Prayer rooms, hijabs made from local silk and even halal-certified whale meat are appearing in Japan as tourism bosses wake up to the demand from Muslim travellers.
For a largely homogeneous country with only about 100,000 practising Muslims, that means groping its way through unfamiliar customs as it looks to tap a growing market to help it double the number of overseas visitors by 2020.
“Muslim travellers still do not feel comfortable here,” said Ibrahim Haji Ahmad Badawi, head of Malaysian food company Brahim’s, during a recent seminar on halal tourism in Tokyo. “The government seems to have understood this.”
Last year, seminars like this one were held in 20 different regions in Japan, where hoteliers and restaurateurs were invited to learn how to cater to Muslims.
The Osaka Chamber of Commerce handed out 5,000 leaflets as a guide to what can and cannot be eaten – the idea of forbidding consumption of things such as alcohol or pork is anathema to omnivorous and foodie Japan.
With the Islamic world currently observing Ramadan, tourism to Japan is being promoted heavily in mainly-Muslim South-east Asia.
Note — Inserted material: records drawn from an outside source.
lemma Mex_D_Suc_le: "Mex (D (Suc n)) \<le> Mex (D n) + slack n + 2"
proof -
  let ?d = "Mex (D n)" and ?s = "slack n"
  have "\<not> (?d + ?s + 1 \<in> D (Suc n) \<and> ?d + ?s + 2 \<in> D (Suc n))"
  proof
    assume both: "?d + ?s + 1 \<in> D (Suc n) \<and> ?d + ?s + 2 \<in> D (Suc n)"
    then have "?d + ?s + 1 \<in> D n \<or> ?d + ?s + 1 = 2 * ?d + ?s"
      and "?d + ?s + 2 \<in> D n \<or> ?d + ?s + 2 = 2 * ?d + ?s"
      by (auto simp: D_Suc_eq)
    then have "?d + ?s + 1 \<in> D n" "?d + ?s + 2 \<in> D n"
      using D_bound[of "?d + ?s + 1"] D_bound[of "?d + ?s + 2"] by auto
    then show False using Suc_not_mem_D[of "?d + ?s + 1"] by simp
  qed
  then show ?thesis using Mex_le[of "?d + ?s + 1"] Mex_le[of "?d + ?s + 2"] by fastforce
qed

lemma mex_invariant_Suc: "mex_invariant (Suc n)"
proof -
  let ?f = "Mex (F n)" and ?d = "Mex (D n)" and ?s = "slack n"
  let ?f' = "Mex (F (Suc n))" and ?d' = "Mex (D (Suc n))"
  have f': "?f < ?f'" by (rule Mex_F_less_Mex_F_Suc)
  have d': "?d + ?s < ?d'" by (rule Mex_D_Suc_gt)
  have "0 < ?d" by (rule Mex_D_pos)
  \<comment> \<open>As f' > f and d' > d + s, of the new elements only 2d + s (in D) and
      f + 2d + s (in F) can lie above the thresholds, and every old element is far below them.\<close>
  have D1: "x + 2 \<le> 2 * ?d'" if "x \<in> D (Suc n)" for x
    using that d' D_bound[of x] by (auto simp: D_Suc_eq)
  have D2: "Suc x \<notin> D (Suc n)" if "x \<in> D (Suc n)" "?d' \<le> x" for x
  proof
    assume "Suc x \<in> D (Suc n)"
    with that d' show False
      using D_bound[of x] D_bound[of "Suc x"] Suc_not_mem_D[of x] by (auto simp: D_Suc_eq)
  qed
  have F3: "x + 3 \<le> ?f' + 2 * ?d'" if "x \<in> F (Suc n)" for x
    using that f' d' F_bound[of x] \<open>0 < ?d\<close> by (auto simp: F_Suc_eq)
  have F4: "separated 3 {x \<in> F (Suc n). ?f' + ?d' \<le> Suc x}"
    unfolding separated_def
  proof (intro ballI impI)
    fix x y assume x: "x \<in> {x \<in> F (Suc n). ?f' + ?d' \<le> Suc x}"
      and y: "y \<in> {x \<in> F (Suc n). ?f' + ?d' \<le> Suc x}" and "x < y"
    then have "x \<in> F n \<or> x = ?f + 2 * ?d + ?s" "y \<in> F n \<or> y = ?f + 2 * ?d + ?s"
      using f' d' by (auto simp: F_Suc_eq)
    then show "x + 3 \<le> y"
      using \<open>x < y\<close> x f' d' F_bound[of x] F_bound[of y]
        separatedD[OF separated_F_tail, of x y] by auto
  qed
  show ?thesis unfolding mex_invariant_def using D1 D2 F3 F4 by blast
qed

end

lemma mex_invariant: "mex_invariant n"
  by (induction n) (simp_all add: mex_invariant_0 mex_invariant_Suc)

lemma v2_Suc_ge: "v2 n + 2 \<le> v2 (Suc n)"
proof (cases n)
  case 0 then show ?thesis by (simp add: v2_Suc_eq v_0 F_0 D_0 Mex_singleton_0)
next
  case (Suc m) then show ?thesis
    using Mex_F_less_Mex_F_Suc[of m] Mex_D_Suc_gt[OF mex_invariant[of m]] by (simp add: v2_Suc_eq)
qed

lemma v3_Suc_ge: "v3 n + 3 \<le> v3 (Suc n)"
proof (cases n)
  case 0 then show ?thesis by (simp add: v3_Suc_eq[OF mex_invariant] v_0 F_0 D_0 Mex_singleton_0)
next
  case (Suc m) then show ?thesis
    using Mex_F_less_Mex_F_Suc[of m] Mex_D_Suc_gt[OF mex_invariant[of m]]
    by (simp add: v3_Suc_eq[OF mex_invariant])
qed

lemma no_run_4_v23: "\<not> {m..<m + 4} \<subseteq> range v2 \<union> range v3"
  by (intro no_run_4 separated_range v2_Suc_ge v3_Suc_ge)

lemma Mex_F_Suc_le: "Mex (F (Suc n)) \<le> Mex (F n) + 4"
proof (rule ccontr)
  assume "\<not> ?thesis"
  then have "{Mex (F n) + 1..<Mex (F n) + 1 + 4} \<subseteq> F (Suc n)"
    using mem_if_less_Mex[of _ "F (Suc n)"] by auto
  then have "{Mex (F n) + 1..<Mex (F n) + 1 + 4} \<subseteq> range v2 \<union> range v3"
    using F_above_v1[of _ "Suc n"] by (force simp: v1_Suc)
  then show False using no_run_4_v23 by blast
qed

lemma Bl_F_le_3: "Bl (F n \<inter> {Mex (F n) .. Mex (F n) + Mex (D n) - 1}) \<le> 3"
proof (rule Bl_le)
  fix m
  have "v1 n < Mex (F n)"
    using strict_mono_v1[THEN strict_monoD, of n "Suc n"] by (simp add: v1_Suc)
  then have "F n \<inter> {Mex (F n) .. Mex (F n) + Mex (D n) - 1} \<subseteq> range v2 \<union> range v3"
    using F_above_v1[of _ n] by fastforce
  then show "\<not> {m..<m + Suc 3} \<subseteq> F n \<inter> {Mex (F n) .. Mex (F n) + Mex (D n) - 1}"
    using no_run_4_v23[of m] by auto
qed

lemma v1_Suc_diff: "int (v1 (Suc n)) - int (v1 n) \<in> {1..4}"
proof (cases n)
  case 0 then show ?thesis by (simp add: v1_Suc v_0 F_0 Mex_singleton_0)
next
  case (Suc m) then show ?thesis
    using Mex_F_less_Mex_F_Suc[of m] Mex_F_Suc_le[of m] by (simp add: v1_Suc)
qed

lemma v2_Suc_diff: "int (v2 (Suc n)) - int (v2 n) \<in> {2..8}"
proof (cases n)
  case 0 then show ?thesis by (simp add: v2_Suc_eq v_0 F_0 D_0 Mex_singleton_0 slack_0)
next
  case (Suc m) then show ?thesis
    using v2_Suc_ge[of n] Mex_F_Suc_le[of m] Mex_D_Suc_le[OF mex_invariant[of m]]
      slack_le_2[OF mex_invariant[of "Suc m"]]
    by (simp add: v2_Suc_eq)
qed

lemma v3_Suc_diff: "int (v3 (Suc n)) - int (v3 n) \<in> {3..12}"
proof (cases n)
  case 0 then show ?thesis
    by (simp add: v3_Suc_eq[OF mex_invariant] v_0 F_0 D_0 Mex_singleton_0 slack_0)
next
  case (Suc m) then show ?thesis
    using v3_Suc_ge[of n] Mex_F_Suc_le[of m] Mex_D_Suc_le[OF mex_invariant[of m]]
      slack_le_2[OF mex_invariant[of m]] slack_le_2[OF mex_invariant[of "Suc m"]]
    by (simp add: v3_Suc_eq[OF mex_invariant])
qed

lemma Mex_D_Suc_diff: "int (Mex (D (Suc n))) - int (Mex (D n)) \<in> {1..4}"
  using Mex_D_Suc_gt[OF mex_invariant[of n]] Mex_D_Suc_le[OF mex_invariant[of n]]
    slack_le_2[OF mex_invariant[of n]]
  by auto

theorem theorem6:
  shows "(\<forall>n. Bl (F n \<inter> {Mex (F n) .. Mex (F n) + Mex (D n) - 1}) \<le> 3)
       \<and> (\<forall>n. int (v1 (Suc n)) - int (v1 n) \<in> {1..4})
       \<and> (\<forall>n. int (v2 (Suc n)) - int (v2 n) \<in> {2..8})
       \<and> (\<forall>n. int (v3 (Suc n)) - int (v3 n) \<in> {3..12})
       \<and> (\<forall>n\<ge>1. int (Mex (D n)) - int (Mex (D (n - 1))) \<in> {1..4})"
proof -
  have "int (Mex (D n)) - int (Mex (D (n - 1))) \<in> {1..4}" if "n \<ge> 1" for n
    using that Mex_D_Suc_diff[of "n - 1"] by simp
  then show ?thesis using Bl_F_le_3 v1_Suc_diff v2_Suc_diff v3_Suc_diff by blast
qed

end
Visa requirements for Malaysia and Thailand were relaxed in 2013. Indonesia, the largest Muslim-majority country in the world, is slated to follow shortly.
According to the Japanese Tourist Office, the number of Indonesian visitors in 2013 was up 37 per cent on the previous year, while 21 per cent more Malaysians came.
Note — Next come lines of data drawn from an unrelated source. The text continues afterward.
lemma span_SH_eq_if_scaled_images_in_SH:
  fixes T :: "complex^'n^'n \<Rightarrow> complex^'n^'n" and P1 P2 Q :: "complex^'n^'n"
  assumes add: "\<forall>A\<in>Herm. \<forall>B\<in>Herm. T (A + B) = T A + T B"
    and scale: "\<forall>r::real. \<forall>A\<in>Herm. T (r *\<^sub>R A) = r *\<^sub>R T A"
    and "inj_on T Herm"
    and P1: "orth_proj k P1" and P2: "orth_proj k P2" and Q: "orth_proj k Q"
    and "k \<le> CARD('n)" and "\<theta>1 \<noteq> 0" and "\<theta>2 \<noteq> 0"
    and incl1: "T ` ((\<lambda>B. \<theta>1 *\<^sub>R B) ` SH k P1) \<subseteq> (\<lambda>B. \<theta>3 *\<^sub>R B) ` SH k Q"
    and incl2: "T ` ((\<lambda>B. \<theta>2 *\<^sub>R B) ` SH k P2) \<subseteq> (\<lambda>B. \<theta>3 *\<^sub>R B) ` SH k Q"
  shows "span (SH k P1) = span (SH k P2)"
proof -
  obtain L where "linear L" and L_T: "\<And>A. A \<in> Herm \<Longrightarrow> L A = T A"
    using linear_extension_from_Herm add scale by blast
  have SH_Herm: "SH k P \<subseteq> Herm" for P :: "complex^'n^'n"
    by (auto simp: SH_def)
  have "span (SH k P1 \<union> SH k P2) \<subseteq> Herm"
    using SH_Herm by (intro span_minimal subspace_Herm) blast
  then have "inj_on L (span (SH k P1 \<union> SH k P2))"
    using \<open>inj_on T Herm\<close> L_T by (metis inj_on_cong inj_on_subset subsetD)
  moreover have "L ` (SH k P1 \<union> SH k P2) \<subseteq> span (SH k Q)"
  proof -
    have "T ` SH k P1 \<subseteq> span (SH k Q)" "T ` SH k P2 \<subseteq> span (SH k Q)"
      using image_subset_span_if_scaled_image_subset[OF scale SH_Herm] assms(8-11) by blast+
    moreover have "L ` (SH k P1 \<union> SH k P2) = T ` (SH k P1 \<union> SH k P2)"
      using L_T SH_Herm by (intro image_cong) auto
    ultimately show ?thesis by (simp add: image_Un)
  qed
  moreover have "dim (span (SH k Q)) \<le> dim (SH k P1)" "dim (span (SH k Q)) \<le> dim (SH k P2)"
    using dim_span_SH_eq[OF P1 Q \<open>k \<le> CARD('n)\<close>] dim_span_SH_eq[OF P2 Q \<open>k \<le> CARD('n)\<close>]
    by (simp_all add: dim_span)
  ultimately show ?thesis
    using span_eq_if_inj_linear_image_subset[OF \<open>linear L\<close>] by blast
qed

theorem mainTheorem11:
  fixes T :: "complex ^'n ^'n \<Rightarrow> complex ^'n ^'n"
    and k :: nat and P1 P2 :: "complex ^'n ^'n" and \<theta>1 \<theta>2 :: real
  assumes "1 \<le> k" and "k < CARD('n)"
    and "\<forall>A\<in>Herm. \<forall>B\<in>Herm. T (A + B) = T A + T B"
    and "\<forall>r::real. \<forall>A\<in>Herm. T (r *\<^sub>R A) = r *\<^sub>R T A"
    and "bij_betw T Herm Herm"
    and "orth_proj k P1" and "orth_proj k P2"
    and "span (SH k P1) \<noteq> span (SH k P2)"
    and "\<theta>1 \<in> {-1, 1}" and "\<theta>2 \<in> {-1, 1}"
  shows "\<not> (\<exists>Q \<theta>3. orth_proj k Q \<and> \<theta>3 \<in> {-1, 1::real} \<and>
            T ` ((\<lambda>B. \<theta>1 *\<^sub>R B) ` SH k P1) \<union> T ` ((\<lambda>B. \<theta>2 *\<^sub>R B) ` SH k P2)
              \<subseteq> (\<lambda>B. \<theta>3 *\<^sub>R B) ` SH k Q)"
proof -
  have "k \<le> CARD('n)" "\<theta>1 \<noteq> 0" "\<theta>2 \<noteq> 0"
    using assms(2,9,10) by auto
  then show ?thesis
    using span_SH_eq_if_scaled_images_in_SH[OF assms(3,4) bij_betw_imp_inj_on[OF assms(5)] assms(6,7)]
      assms(8) by (auto simp: Un_subset_iff)
qed

end
lemma quarter_integral_lower:
  assumes R: "R > 0" and j: "real (Suc j) + 1/2 \<le> R" and k: "k \<le> cos (level_angle R j)"
  defines "a \<equiv> level_angle R (Suc j)" and "b \<equiv> level_angle R j"
  shows "real (Suc j) * k * (b - a)^3 / 12 - a / 2 \<le> integral {0..pi/2} (err_cos R)"
proof -
  have j': "real j + 1/2 \<le> R" using j by simp
  note la = level_angle[OF R j, folded a_def] and lb = level_angle[OF R j', folded b_def]
  have ab: "a \<le> b" unfolding a_def b_def by (rule level_angle_Suc_le[OF R j])
  have split1: "integral {0..a} (err_cos R) + integral {a..pi/2} (err_cos R)
      = integral {0..pi/2} (err_cos R)"
    by (rule Henstock_Kurzweil_Integration.integral_combine[OF _ _ err_cos_integrable]) (use la in auto)
  have split2: "integral {a..b} (err_cos R) + integral {b..pi/2} (err_cos R)
      = integral {a..pi/2} (err_cos R)"
    by (rule Henstock_Kurzweil_Integration.integral_combine[OF ab _ err_cos_integrable]) (use lb in auto)
  have "integral {0..a} (\<lambda>_. -1/2::real) \<le> integral {0..a} (err_cos R)"
    by (rule integral_le[OF _ err_cos_integrable]) (use err_cos_lower[of R] in auto)
  then have near_zero: "- a / 2 \<le> integral {0..a} (err_cos R)" using la by simp
  have arc: "real (Suc j) * k * (b - a)^3 / 12 \<le> integral {a..b} (err_cos R)"
    by (rule integral_level_arc[OF R]) (use la lb ab k in \<open>auto simp: b_def Ints_of_nat\<close>)
  have "0 \<le> integral {b..pi/2} (err_cos R)"
    unfolding b_def by (rule integral_beyond_level_nonneg[OF R j'])
  then show ?thesis using split1 split2 near_zero arc by linarith
qed

section \<open>Size of the level angles\<close>

lemma one_minus_cos_le:
  fixes t :: real
  assumes t: "0 \<le> t"
  shows "1 - cos t \<le> t^2 / 2"
proof -
  have "cos 0 - 1 + 0^2/2 \<le> cos t - 1 + t^2/2"
    by (rule DERIV_nonneg_imp_nondecreasing[OF t])
       (auto intro!: exI derivative_eq_intros simp: sin_x_le_x)
  then show ?thesis by simp
qed

text \<open>While cos stays above 1/2 we have sin x \<ge> x/2, hence 1 - cos t \<ge> t^2/4.\<close>
lemma one_minus_cos_ge:
  fixes t :: real
  assumes t: "0 \<le> t" "t \<le> pi" and c: "1/2 \<le> cos t"
  shows "t^2 / 4 \<le> 1 - cos t"
proof -
  have sin_ge: "x / 2 \<le> sin x" if "0 \<le> x" "x \<le> t" for x
  proof -
    have "sin 0 - 0/2 \<le> sin x - x/2"
    proof (rule DERIV_nonneg_imp_nondecreasing[OF that(1)])
      fix y assume "0 \<le> y" "y \<le> x"
      then have "cos t \<le> cos y" using that t by (simp add: cos_mono_le_eq)
      then show "\<exists>d. ((\<lambda>x. sin x - x / 2) has_real_derivative d) (at y) \<and> 0 \<le> d"
        using c by (auto intro!: exI derivative_eq_intros)
    qed
    then show ?thesis by simp
  qed
  have "1 - cos 0 - 0^2/4 \<le> 1 - cos t - t^2/4"
    by (rule DERIV_nonneg_imp_nondecreasing[OF t(1)])
       (use sin_ge in \<open>auto intro!: exI derivative_eq_intros\<close>)
  then show ?thesis by simp
qed

lemma angle_sqrt_upper:
  assumes "0 \<le> t" "t \<le> pi" "1/2 \<le> cos t" "0 \<le> R"
  shows "t * sqrt R \<le> 2 * sqrt (R * (1 - cos t))"
proof -
  have "t^2 * R \<le> 4 * (R * (1 - cos t))"
    using mult_right_mono[OF one_minus_cos_ge[OF assms(1-3)] assms(4)] by (simp add: algebra_simps)
  then have "sqrt (t^2 * R) \<le> sqrt (2^2 * (R * (1 - cos t)))" by simp
  then show ?thesis using assms by (simp add: real_sqrt_mult)
qed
Chinese tourist numbers have recovered from their plunge following the spat that erupted in 2012 between Beijing and Tokyo over islands in the East China Sea.
But broadening the appeal of Japan as a destination is key if the industry is to meet the 20 million visitors target set for 2020, when Tokyo hosts the Olympic Games.
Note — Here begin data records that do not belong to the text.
text \<open>The monoid M_gamma(W), W given by a set of representatives of gamma-classes.
  Elements: None is the zero (the collapsed ideal); Some X for a gamma-class X
  below some element of W.\<close>
definition Mg_carrier :: "word set \<Rightarrow> word set option set" where
  "Mg_carrier W = {None} \<union> {Some (gclass u) | u. \<exists>w\<in>W. gle u w}"

definition Mg_mult :: "word set \<Rightarrow> word set option \<Rightarrow> word set option \<Rightarrow> word set option" where
  "Mg_mult W X Y = (case (X, Y) of
      (Some A, Some B) \<Rightarrow>
        (if \<exists>x\<in>A. \<exists>y\<in>B. \<exists>w\<in>W. gle (x @ y) w
         then Some {z. \<exists>x\<in>A. \<exists>y\<in>B. gamma (x @ y) z} else None)
    | _ \<Rightarrow> None)"

definition Mg_eval :: "word set \<Rightarrow> (nat \<Rightarrow> word set option) \<Rightarrow> word \<Rightarrow> word set option" where
  "Mg_eval W f u = foldr (\<lambda>a acc. Mg_mult W (f a) acc) u (Some (gclass []))"

definition Mg_satisfies :: "word set \<Rightarrow> word \<Rightarrow> word \<Rightarrow> bool" where
  "Mg_satisfies W u v \<longleftrightarrow>
     (\<forall>f. (\<forall>x. f x \<in> Mg_carrier W) \<longrightarrow> Mg_eval W f u = Mg_eval W f v)"

text \<open>The variety generated by M_gamma(W) is contained in the variety with
  equational theory E iff M_gamma(W) satisfies every identity of E.\<close>
definition Mg_in_variety :: "word set \<Rightarrow> (word \<times> word) set \<Rightarrow> bool" where
  "Mg_in_variety W E \<longleftrightarrow> (\<forall>(u, v) \<in> E. Mg_satisfies W u v)"

end

theory Submission
  imports Defs
begin

text \<open>Since \<open>M\<^sub>\<gamma>(a\<^sup>+t)\<close> does not lie in \<open>V\<close>, some identity of \<open>V\<close> fails in it. Substituting
  for every letter a word representing its value (for the zero, a word below no element) gives
  an identity \<open>u \<approx> v\<close> of \<open>V\<close> with \<open>u \<le> a\<^sup>+t\<close> and \<open>u\<close>, \<open>v\<close> in different \<open>\<gamma>\<close>-classes. As \<open>t\<close> is
  an isoterm, a set of letters occurring at most once on one side occurs equally often on the
  other; since \<open>u\<close> is a factor of some \<open>a\<^sup>kt\<close>, this forces \<open>u = a\<^sup>mt\<close> and \<open>v = a\<^sup>ita\<^sup>j\<close> with
  \<open>m, j \<ge> 1\<close>. Writing \<open>x\<close> for \<open>a\<close>, renaming \<open>t\<close> to \<open>s\<close>, multiplying by \<open>xt\<close> on the left and
  collapsing powers with \<open>xwx \<approx> xwx\<^sup>n\<close> (a consequence of \<open>xtx \<approx> xtx\<^sup>2\<close>) turns this identity
  into \<open>xtxs \<approx> xtxsx\<close>.\<close>

lemma tau1_context: "tau1 u v \<Longrightarrow> tau1 (p @ u @ s) (p @ v @ s)"
proof (induction rule: tau1.induct)
  case (tau1_refl u)
  show ?case by (rule tau1.tau1_refl)
next
  case (tau1_sym u v)
  then show ?case by (blast intro: tau1.tau1_sym)
next
  case (tau1_trans u v w)
  then show ?case by (blast intro: tau1.tau1_trans)
next
  case (tau1_step q a r)
  from tau1.tau1_step[of "p @ q" a "r @ s"] show ?case by simp
qed

lemma tau1_append: "tau1 x x' \<Longrightarrow> tau1 y y' \<Longrightarrow> tau1 (x @ y) (x' @ y')"
  using tau1_context[of x x' "[]" y] tau1_context[of y y' x' "[]"] tau1_trans by auto

lemma tau1_set_eq: "tau1 u v \<Longrightarrow> set u = set v"
  by (induction rule: tau1.induct) auto

lemma tau1_remdups_adj_eq: "tau1 u v \<Longrightarrow> remdups_adj u = remdups_adj v"
proof (induction rule: tau1.induct)
  case (tau1_step p a s)
  have "remdups_adj (p @ a # a # s) = remdups_adj (p @ [a]) @ tl (remdups_adj (a # a # s))"
    by (rule remdups_adj_append)
  also have "\<dots> = remdups_adj (p @ [a]) @ tl (remdups_adj (a # s))" by simp
  also have "\<dots> = remdups_adj (p @ a # s)" by (rule remdups_adj_append[symmetric])
  finally show ?case by simp
qed auto

lemma tau1_replicate: "tau1 (replicate (Suc k) a) [a]"
proof (induction k)
  case 0
  show ?case by (simp add: tau1_refl)
next
  case (Suc k)
  have "tau1 (replicate (Suc k) a) (replicate (Suc (Suc k)) a)"
    using tau1_step[of "[]" a "replicate k a"] by simp
  then show ?case using Suc.IH tau1_sym tau1_trans by blast
qed

lemma mult_letters_append:
  "mult_letters (x @ y) = mult_letters x \<union> mult_letters y \<union> (set x \<inter> set y)"
proof -
  have "a \<in> set z \<longleftrightarrow> 1 \<le> count_list z a" for a :: nat and z
    using count_list_0_iff[of z a] by auto
  then show ?thesis
    unfolding mult_letters_def by auto
qed

lemma count_list_replicate: "count_list (replicate m a) x = (if x = a then m else 0)"
  by (induction m) auto

lemma gamma_refl: "gamma u u"
  by (simp add: gamma_def tau1_refl)

lemma gamma_sym: "gamma u v \<Longrightarrow> gamma v u"
  by (auto simp: gamma_def intro: tau1_sym)

lemma gamma_trans: "gamma u v \<Longrightarrow> gamma v w \<Longrightarrow> gamma u w"
  by (auto simp: gamma_def intro: tau1_trans)

lemma gamma_append: "gamma x x' \<Longrightarrow> gamma y y' \<Longrightarrow> gamma (x @ y) (x' @ y')"
  unfolding gamma_def
  using tau1_append tau1_set_eq[of x x'] tau1_set_eq[of y y'] by (simp add: mult_letters_append)

lemma gamma_replicate_append:
  assumes "m = n \<or> (2 \<le> m \<and> 2 \<le> n)"
  shows "gamma (replicate m a @ s) (replicate n a @ s)"
  using assms
proof
  assume "2 \<le> m \<and> 2 \<le> n"
  then obtain m' n' where mn: "m = Suc m'" "n = Suc n'" and "2 \<le> m" "2 \<le> n"
    by (metis Suc_le_D numeral_2_eq_2)
  have "tau1 (replicate m a) (replicate n a)"
    using tau1_replicate[of m' a] tau1_replicate[of n' a] mn tau1_sym tau1_trans by blast
  moreover have "mult_letters (replicate m a) = mult_letters (replicate n a)"
    using \<open>2 \<le> m\<close> \<open>2 \<le> n\<close> by (auto simp: mult_letters_def count_list_replicate)
  ultimately have "gamma (replicate m a) (replicate n a)"
    by (simp add: gamma_def)
  then show ?thesis by (rule gamma_append[OF _ gamma_refl])
qed (simp add: gamma_refl)

lemma gclass_eq: "gamma u v \<Longrightarrow> gclass u = gclass v"
  unfolding gclass_def using gamma_sym gamma_trans by blast

lemma gle_gamma: "gamma v v' \<Longrightarrow> gle v w \<Longrightarrow> gle v' w"
  unfolding gle_def using gamma_append[OF gamma_refl gamma_append[OF _ gamma_refl]] gamma_trans
  by blast

lemma gle_appendD: "gle (x @ y) w \<Longrightarrow> gle x w \<and> gle y w"
  unfolding gle_def by (metis append.assoc)

lemma gle_Nil: "gle [] w"
  unfolding gle_def using gamma_refl[of w] by (metis append.right_neutral append_Nil)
The influx of athletes and spectators the event will bring is also playing into the drive to make the country more Muslim-friendly.
“Can you imagine the number of Muslim athletes who will then come to Tokyo? We’ll have to feed them,” said Mr Badawi.
His company has already signed a deal with All Nippon Airways, one of Japan’s biggest carriers, to supply inflight halal meals, Mr Badawi said. Large hotels have also approached him for advice on how they can cater for Muslim guests.
For Mr Badawi, despite Japan’s slow start, the direction of travel is clear: Muslims looking for holiday destinations will come, and in bigger numbers, giving Tokyo an ever-larger slice of a US$600 billion (Dh2.2 trillion) global pie.
Slowly, various regions across Japan are catching on. Major airports have prayer rooms, and tourists looking for the perfect present can pick up hijabs made from Japanese silk as they pass through Kansai International Airport, near Osaka.
Longer-term visitors are also being catered for, with 19 universities offering halal menus in their cafeterias in a bid to boost the number of Muslim students.
Customers looking for an authentic – but halal – Japanese dish already have a choice in Tokyo, including a yakiniku barbecue restaurant run by Roger Bernard Diaz, a Sri Lankan Catholic who converted his business, but not his religion.
He said the change had brought him customers from South-east Asia and even the Gulf.
But sourcing produce can be difficult. “It’s hard to find all the ingredients,” he admitted while pulling a Brazilian-raised halal chicken from a dedicated freezer.
Muslims who want to sample whale meat are also catered for after Japan’s whaling mothership, which slaughters the animals on its controversial hunt, was certified halal-compliant last year.
The Japan Halal Association, which was founded in 2010, is one of only two bodies that can grant this status in the country.
Its chairwoman, Hind Hitomi Remon, said business was brisk.
“We are an associate member of the World Halal Council,” she said. “Since 2012, we have issued certificates to 40 companies, and that number is set to rise a lot this year,” a fact she said was directly attributable to Tokyo being awarded the 2020 Olympic Games.
Japanese producers are also preparing to export items such as halal-certified soy sauce and even rice, grown in northern Akita prefecture.
But until the numbers swell a little bit more, businesses catering to Muslims still have to keep an eye on what other customers want.
Mr Diaz, the yakiniku restaurant owner, said about half of his customers were Muslim, yet he still had to cater for his other patrons.
“It’s hard to do business here without selling alcohol,” he said.